Compact operators, injectivity and closed range Let $X$ be a an infinite dimensional Banach space. $A\in B(X)$ is a compact operator. If its range $\operatorname{Im}(A)$ is closed in $X$ then $A$ cannot be injective because $A:X\to \operatorname{Im}(A)$ would be a compact bijection between Banach spaces and the unit ball $B_X=A^{-1}AB_X$ would be compact.
Now if $A$ is not injective, can we say that $\operatorname{Im}(A)$ must be closed ? Or if this is false, can we find a non injective compact operator with non closed range (i.e. infinite dimensional range) ?
 A: Consider the operator $T\colon \ell^2\to \ell^2$ defined by 
$$ T\mathbf{x}=\left(0, \frac{x_2}{2}, \frac{x_3}{3}\ldots\right).$$
$T$ is not injective because $T\mathbf{e}_1=0$, but it is compact and its range is the subspace 
$$E=\left\{\mathbf{y}\in \ell^2\ :\ y_1=0,\ (ny_n)\in \ell^2.\right\}.$$
The subspace $E$ is dense in $M=\overline{\mathrm{span}}\{\mathbf{e}_2, \mathbf{e}_3\ldots\}$, because it contains $\{\mathbf{e}_2, \mathbf{e}_3, \ldots\}$, but the inclusion $E\subset M$ is proper. For example, the sequence 
$$\mathbf{x}=\begin{cases} 
0, & n=1 \\ 
\frac{1}{n}, & n \ge 2 
\end{cases}$$
does not belong to $E$. Therefore $E$ is not closed in $M$, hence it is not closed in $\ell^2$ too.

P.S. In comments the OP requested an example in $C([0,1])$ space. This of course is more complicated because we have now left the elementary Hilbert space setting. Indeed, I am not able to furnish an example, nor I think that a natural example exists. Let me explain what natural means to me in this context. 
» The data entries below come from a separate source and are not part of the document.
(* Let $n\ge 0$, let $a_{n,0},\dots,a_{n,n}\in\mathbb C$, and let $P_n$ be the polynomial associated to $\{a_{n,k}\}_{k=0}^n$, i.e. $\sum_{k=0}^n a_{n,k}q^kp^nq^{n-k}=P_n(z)$ in $\mathcal A$. Then for $0\le k\le n$, $$a_{n,k}=\frac{1}{\imath^{n}n!}\sum_{j=0}^{n-k}(-1)^{n-k-j}\binom{n+1}{n-k-j}P_n\!\left(\imath\left(j+\tfrac12\right)\right).$$ Equivalently, writing $P_n(z)=\sum_{r=0}^n b_{n,r}z^r$, $$a_{n,k}=\frac{1}{\imath^{n}n!}\sum_{j=0}^{n-k}(-1)^{n-k-j}\binom{n+1}{n-k-j}\sum_{r=0}^{n}b_{n,r}\,\imath^{r}\left(j+\tfrac12\right)^{r}.$$
   Context: $\imath=\sqrt{-1}$. $\mathcal{A}$ denotes the quotient of the free associative $\mathbb{C}$-algebra on two noncommuting generators $p,q$ by the two-sided ideal generated by $qp-pq-\imath$, and $z=\tfrac12(qp+pq)\in\mathcal A$. For $n\ge0$ and complex numbers $a_{n,0},\dots,a_{n,n}$, there is a unique polynomial $P_n\in\mathbb{C}[X]$ of degree at most $n$ with $\sum_{k=0}^n a_{n,k}q^kp^nq^{n-k}=P_n(z)$ in $\mathcal A$; it is called the polynomial associated to $\{a_{n,k}\}$. *)

theory Defs
  imports Complex_Main "HOL-Computational_Algebra.Polynomial"
begin

text \<open>The free associative C-algebra on two noncommuting generators p, q:
  elements are coefficient functions on words (lists of letters); only
  finitely supported ones arise below.\<close>

datatype letter = Lp | Lq

type_synonym falg = "letter list \<Rightarrow> complex"

definition fa_mult :: "falg \<Rightarrow> falg \<Rightarrow> falg" where
  "fa_mult f g = (\<lambda>w. \<Sum>i\<le>length w. f (take i w) * g (drop i w))"

definition fa_add :: "falg \<Rightarrow> falg \<Rightarrow> falg" where
  "fa_add f g = (\<lambda>w. f w + g w)"

definition fa_smult :: "complex \<Rightarrow> falg \<Rightarrow> falg" where
  "fa_smult c f = (\<lambda>w. c * f w)"

definition fa_zero :: falg where
  "fa_zero = (\<lambda>w. 0)"

definition fa_word :: "letter list \<Rightarrow> falg" where
  "fa_word u = (\<lambda>w. if w = u then 1 else 0)"

definition fa_one :: falg where "fa_one = fa_word []"
definition fa_p :: falg where "fa_p = fa_word [Lp]"
definition fa_q :: falg where "fa_q = fa_word [Lq]"

definition fa_sum :: "('i \<Rightarrow> falg) \<Rightarrow> 'i set \<Rightarrow> falg" where
  "fa_sum F I = (\<lambda>w. \<Sum>i\<in>I. F i w)"

primrec fa_pow :: "falg \<Rightarrow> nat \<Rightarrow> falg" where
  "fa_pow x 0 = fa_one"
| "fa_pow x (Suc n) = fa_mult (fa_pow x n) x"

definition weyl_rel :: falg where
  "weyl_rel = (\<lambda>w. fa_word [Lq, Lp] w - fa_word [Lp, Lq] w - \<i> * fa_one w)"

inductive_set weyl_ideal :: "falg set" where
  rel: "weyl_rel \<in> weyl_ideal"
| zero: "fa_zero \<in> weyl_ideal"
| add: "x \<in> weyl_ideal \<Longrightarrow> y \<in> weyl_ideal \<Longrightarrow> fa_add x y \<in> weyl_ideal"
| smult: "x \<in> weyl_ideal \<Longrightarrow> fa_smult c x \<in> weyl_ideal"
| lmult: "x \<in> weyl_ideal \<Longrightarrow> fa_mult (fa_word [l]) x \<in> weyl_ideal"
| rmult: "x \<in> weyl_ideal \<Longrightarrow> fa_mult x (fa_word [l]) \<in> weyl_ideal"

definition weyl_eq :: "falg \<Rightarrow> falg \<Rightarrow> bool" where
  "weyl_eq x y \<longleftrightarrow> (\<lambda>w. x w - y w) \<in> weyl_ideal"

definition weyl_z :: falg where
  "weyl_z = fa_smult (1/2) (fa_add (fa_mult fa_q fa_p) (fa_mult fa_p fa_q))"

definition fa_poly :: "complex poly \<Rightarrow> falg \<Rightarrow> falg" where
  "fa_poly P x = fa_sum (\<lambda>r. fa_smult (coeff P r) (fa_pow x r)) {..degree P}"

definition weyl_lhs :: "nat \<Rightarrow> (nat \<Rightarrow> complex) \<Rightarrow> falg" where
  "weyl_lhs n a = fa_sum (\<lambda>k. fa_smult (a k)
      (fa_mult (fa_mult (fa_pow fa_q k) (fa_pow fa_p n)) (fa_pow fa_q (n - k)))) {..n}"

definition associated_poly :: "nat \<Rightarrow> (nat \<Rightarrow> complex) \<Rightarrow> complex poly \<Rightarrow> bool" where
  "associated_poly n a P \<longleftrightarrow> degree P \<le> n \<and> weyl_eq (weyl_lhs n a) (fa_poly P weyl_z)"

end

theory Submission
  imports Defs "HOL-Computational_Algebra.Formal_Power_Series"
begin

text \<open>The algebra acts on \<open>\<complex>[X]\<close> with p acting as multiplication by X and q as \<open>\<i> d/dX\<close>;
  this respects \<open>qp - pq = \<i>\<close>, so the defining identity may be applied to each monomial \<open>X^m\<close>.
  There z acts by the eigenvalue \<open>\<i>(m + 1/2)\<close>, and the word \<open>q^k p^n q^(n-k)\<close> multiplies
  \<open>X^m\<close> by \<open>\<i>^n n! C(m+k, n)\<close>, which gives \<open>P(\<i>(m + 1/2)) = \<i>^n n! \<Sum>\<^sub>l a\<^sub>l C(m+l, n)\<close>
  for every m. This system is triangular in the basis \<open>C(m+l, n)\<close>, \<open>l \<le> n\<close>, and is inverted by
  an alternating sum that collapses by Vandermonde's identity applied to
  \<open>(1-x)^(n+1) (1-x)^-(n+1) = 1\<close>.\<close>

lemma alternating_choose_convolution:
  "(\<Sum>t=0..e. (-1)^t * of_nat (Suc n choose t) * of_nat ((n + e - t) choose n) :: 'a :: field_char_0)
     = (if e = 0 then 1 else 0)"
proof -
  have summand: "(of_nat (Suc n) gchoose t) * ((- of_nat (Suc n)) gchoose (e - t)) =
      (-1)^e * ((-1)^t * of_nat (Suc n choose t) * of_nat ((n + e - t) choose n) :: 'a)"
    if "t \<le> e" for t
  proof -
    have "((- of_nat (Suc n)) gchoose (e - t) :: 'a) = (-1)^(e-t) * of_nat ((n + (e - t)) choose (e - t))"
      using gbinomial_minus[of "of_nat (Suc n) :: 'a" "e - t"]
      by (simp add: binomial_gbinomial add.commute)
    moreover have "(n + (e - t)) choose (e - t) = (n + e - t) choose n"
      using that by (metis add_diff_assoc binomial_symmetric le_add2 add_diff_cancel_right')
    moreover have "(-1::'a)^(e-t) = (-1)^e * (-1)^t"
    proof -
      have "(-1::'a)^e = (-1)^(e-t) * (-1)^t"
        using that by (metis le_add_diff_inverse2 power_add)
      then show ?thesis by (simp add: mult.assoc flip: power_mult_distrib)
    qed
    ultimately show ?thesis by (simp add: binomial_gbinomial algebra_simps)
  qed
  have "(-1)^e * (\<Sum>t=0..e. (-1)^t * of_nat (Suc n choose t) * of_nat ((n + e - t) choose n) :: 'a)
      = (\<Sum>t=0..e. (of_nat (Suc n) gchoose t) * ((- of_nat (Suc n)) gchoose (e - t)))"
    unfolding sum_distrib_left by (rule sum.cong) (simp_all only: atLeastAtMost_iff summand)
  also have "\<dots> = 0 gchoose e"
    using gbinomial_Vandermonde[of "of_nat (Suc n) :: 'a" "- of_nat (Suc n)" e] by simp
  also have "\<dots> = (if e = 0 then 1 else 0)"
    by (cases e) (auto simp: gbinomial_Suc)
  finally show ?thesis by (cases "e = 0") auto
qed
The typical examples of compact operators in $C([0,1])$ space are integral transforms 
$$Tf=\int_0^1 K(x, y) f(y)\, dy. $$
In turn, integral transforms usually arise as solution operators to linear boundary value problems for ODEs: 
$$\begin{cases} Lu = f, & x\in (0, 1) \\ U(u)=0\end{cases}$$ Here $L$ is a symmetric linear differential operator and $U(u)=0$ denotes the boundary conditions. (Notation is taken from Coddington-Levinson's book on ordinary differential equations, chapter 7). Now such an operator is always injective, as $Tf=0$ means that the solution to the boundary value problem is the null function $u=0$, which forces $f=Lu=L0=0$. So an example cannot come from there. 
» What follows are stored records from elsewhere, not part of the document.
(* Let $\mathcal{S}$ be a free abelian group of infinite rank, in the signature $(+,-,0)$, and let $I$ be the set of subgroups $A\le\mathcal{S}$ of finite rank which are direct summands of $\mathcal{S}$ (there is $C\le\mathcal{S}$ with $\mathcal{S}=A\oplus C$), ordered by inclusion. Then $\lim_I\mathrm{Th}(A^* )=\mathrm{Th}(\mathcal{S}^* )$, where $A$ ranges over $I$.
   Context: For a structure $\mathcal{T}$ with universe $T$, $\mathrm{Th}(\mathcal{T}^* )$ is the set of sentences in $(+,-,0)$ expanded by a constant for each element of $T$ that are true in $\mathcal{T}$; these are regarded as subsets of the set of sentences with constants from the universe of $\mathcal{S}$. For a family $\{\Delta_i\}_{i\in I}$ indexed by a directed set: $\limsup_I \Delta_i=\{\theta: \forall i\ \exists j\ge i\ [\theta\in\Delta_j]\}$, $\liminf_I \Delta_i=\{\theta: \exists i\ \forall j\ge i\ [\theta\in\Delta_j]\}$, and $\lim_I\Delta_i=\Delta$ means both equal $\Delta$. *)

theory Defs
  imports Main
begin

definition zsc :: "int \<Rightarrow> 'a::ab_group_add \<Rightarrow> 'a" where
  "zsc n x = (if 0 \<le> n then (\<Sum>i<nat n. x) else - (\<Sum>i<nat (- n). x))"

definition free_basis :: "'a::ab_group_add set \<Rightarrow> bool" where
  "free_basis B \<longleftrightarrow>
     (\<forall>x. \<exists>!c::'a \<Rightarrow> int. finite {b. c b \<noteq> 0} \<and> (\<forall>b. b \<notin> B \<longrightarrow> c b = 0) \<and>
            x = (\<Sum>b\<in>{b. c b \<noteq> 0}. zsc (c b) b))"

definition free_abelian_infinite_rank :: "'a::ab_group_add itself \<Rightarrow> bool" where
  "free_abelian_infinite_rank _ \<longleftrightarrow> (\<exists>B::'a set. free_basis B \<and> infinite B)"

definition subgrp :: "'a::ab_group_add set \<Rightarrow> bool" where
  "subgrp A \<longleftrightarrow> 0 \<in> A \<and> (\<forall>x\<in>A. \<forall>y\<in>A. x + y \<in> A) \<and> (\<forall>x\<in>A. - x \<in> A)"

definition z_independent :: "'a::ab_group_add set \<Rightarrow> bool" where
  "z_independent F \<longleftrightarrow> finite F \<and>
     (\<forall>c::'a \<Rightarrow> int. (\<Sum>b\<in>F. zsc (c b) b) = 0 \<longrightarrow> (\<forall>b\<in>F. c b = 0))"

definition finite_rank :: "'a::ab_group_add set \<Rightarrow> bool" where
  "finite_rank A \<longleftrightarrow> (\<exists>n::nat. \<forall>F. F \<subseteq> A \<longrightarrow> z_independent F \<longrightarrow> card F \<le> n)"

definition direct_summand :: "'a::ab_group_add set \<Rightarrow> bool" where
  "direct_summand A \<longleftrightarrow> (\<exists>C. subgrp C \<and> A \<inter> C = {0} \<and>
        (\<forall>x. \<exists>a\<in>A. \<exists>c\<in>C. x = a + c))"

datatype 'a tm = Var nat | Cst 'a | Zero | Plus "'a tm" "'a tm" | Minus "'a tm"

datatype 'a fm = Eq "'a tm" "'a tm" | FFalse | Neg "'a fm" | Conj "'a fm" "'a fm"
  | Disj "'a fm" "'a fm" | Imp "'a fm" "'a fm" | Ex nat "'a fm" | All nat "'a fm"

primrec tm_vars :: "'a tm \<Rightarrow> nat set" where
  "tm_vars (Var n) = {n}" | "tm_vars (Cst c) = {}" | "tm_vars Zero = {}"
| "tm_vars (Plus s t) = tm_vars s \<union> tm_vars t" | "tm_vars (Minus t) = tm_vars t"

primrec tm_consts :: "'a tm \<Rightarrow> 'a set" where
  "tm_consts (Var n) = {}" | "tm_consts (Cst c) = {c}" | "tm_consts Zero = {}"
| "tm_consts (Plus s t) = tm_consts s \<union> tm_consts t" | "tm_consts (Minus t) = tm_consts t"

primrec fvars :: "'a fm \<Rightarrow> nat set" where
  "fvars (Eq s t) = tm_vars s \<union> tm_vars t" | "fvars FFalse = {}"
| "fvars (Neg p) = fvars p" | "fvars (Conj p q) = fvars p \<union> fvars q"
| "fvars (Disj p q) = fvars p \<union> fvars q" | "fvars (Imp p q) = fvars p \<union> fvars q"
| "fvars (Ex n p) = fvars p - {n}" | "fvars (All n p) = fvars p - {n}"

primrec fconsts :: "'a fm \<Rightarrow> 'a set" where
  "fconsts (Eq s t) = tm_consts s \<union> tm_consts t" | "fconsts FFalse = {}"
| "fconsts (Neg p) = fconsts p" | "fconsts (Conj p q) = fconsts p \<union> fconsts q"
| "fconsts (Disj p q) = fconsts p \<union> fconsts q" | "fconsts (Imp p q) = fconsts p \<union> fconsts q"
| "fconsts (Ex n p) = fconsts p" | "fconsts (All n p) = fconsts p"

primrec tm_eval :: "(nat \<Rightarrow> 'a) \<Rightarrow> 'a tm \<Rightarrow> 'a::ab_group_add" where
  "tm_eval e (Var n) = e n" | "tm_eval e (Cst c) = c" | "tm_eval e Zero = 0"
| "tm_eval e (Plus s t) = tm_eval e s + tm_eval e t" | "tm_eval e (Minus t) = - tm_eval e t"

primrec sat :: "'a::ab_group_add set \<Rightarrow> (nat \<Rightarrow> 'a) \<Rightarrow> 'a fm \<Rightarrow> bool" where
  "sat A e (Eq s t) = (tm_eval e s = tm_eval e t)" | "sat A e FFalse = False"
| "sat A e (Neg p) = (\<not> sat A e p)" | "sat A e (Conj p q) = (sat A e p \<and> sat A e q)"
| "sat A e (Disj p q) = (sat A e p \<or> sat A e q)" | "sat A e (Imp p q) = (sat A e p \<longrightarrow> sat A e q)"
| "sat A e (Ex n p) = (\<exists>a\<in>A. sat A (e(n := a)) p)"
| "sat A e (All n p) = (\<forall>a\<in>A. sat A (e(n := a)) p)"

text \<open>Th(A^*): sentences with constants from A true in the substructure A.
  The environment is irrelevant for sentences; we use the constant 0 environment.\<close>
definition Th :: "'a::ab_group_add set \<Rightarrow> 'a fm set" where
  "Th A = {\<phi>. fvars \<phi> = {} \<and> fconsts \<phi> \<subseteq> A \<and> sat A (\<lambda>_. 0) \<phi>}"

definition limsup_I :: "'i set set \<Rightarrow> ('i set \<Rightarrow> 'b set) \<Rightarrow> 'b set" where
  "limsup_I I D = {\<theta>. \<forall>i\<in>I. \<exists>j\<in>I. i \<subseteq> j \<and> \<theta> \<in> D j}"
There are also integral transforms $T$ that do not come from a boundary value problem, of course. However, the typical examples here have splitting kernel:
$$K(x, y)=\sum_{j=1}^J a_j(x)b_j(y). $$
This splitting leads to operators with finite dimensional range. So an example cannot come from there either. 
That's what I meant with natural above. But there are a lot more compact operators on $C([0, 1])$. I am sure that an example of an operator which is compact, not injective, and not finite rank can be easily crafted, perhaps with tools of abstract functional analysis (such as Schauder bases). 
A: A compact linear operator $A\colon X \to Y$, where $X$ and $Y$ are Banach spaces, has closed range if and only if it has finite rank.
Because if the range is closed, it is a Banach space, and the open mapping theorem asserts that $A(B_X)$ is a neighbourhood of $0$. But its closure is compact, so $\mathcal{R}(A)$ is locally compact. By Riesz' theorem, a Hausdorff topological vector space is locally compact if and only if it is finite-dimensional.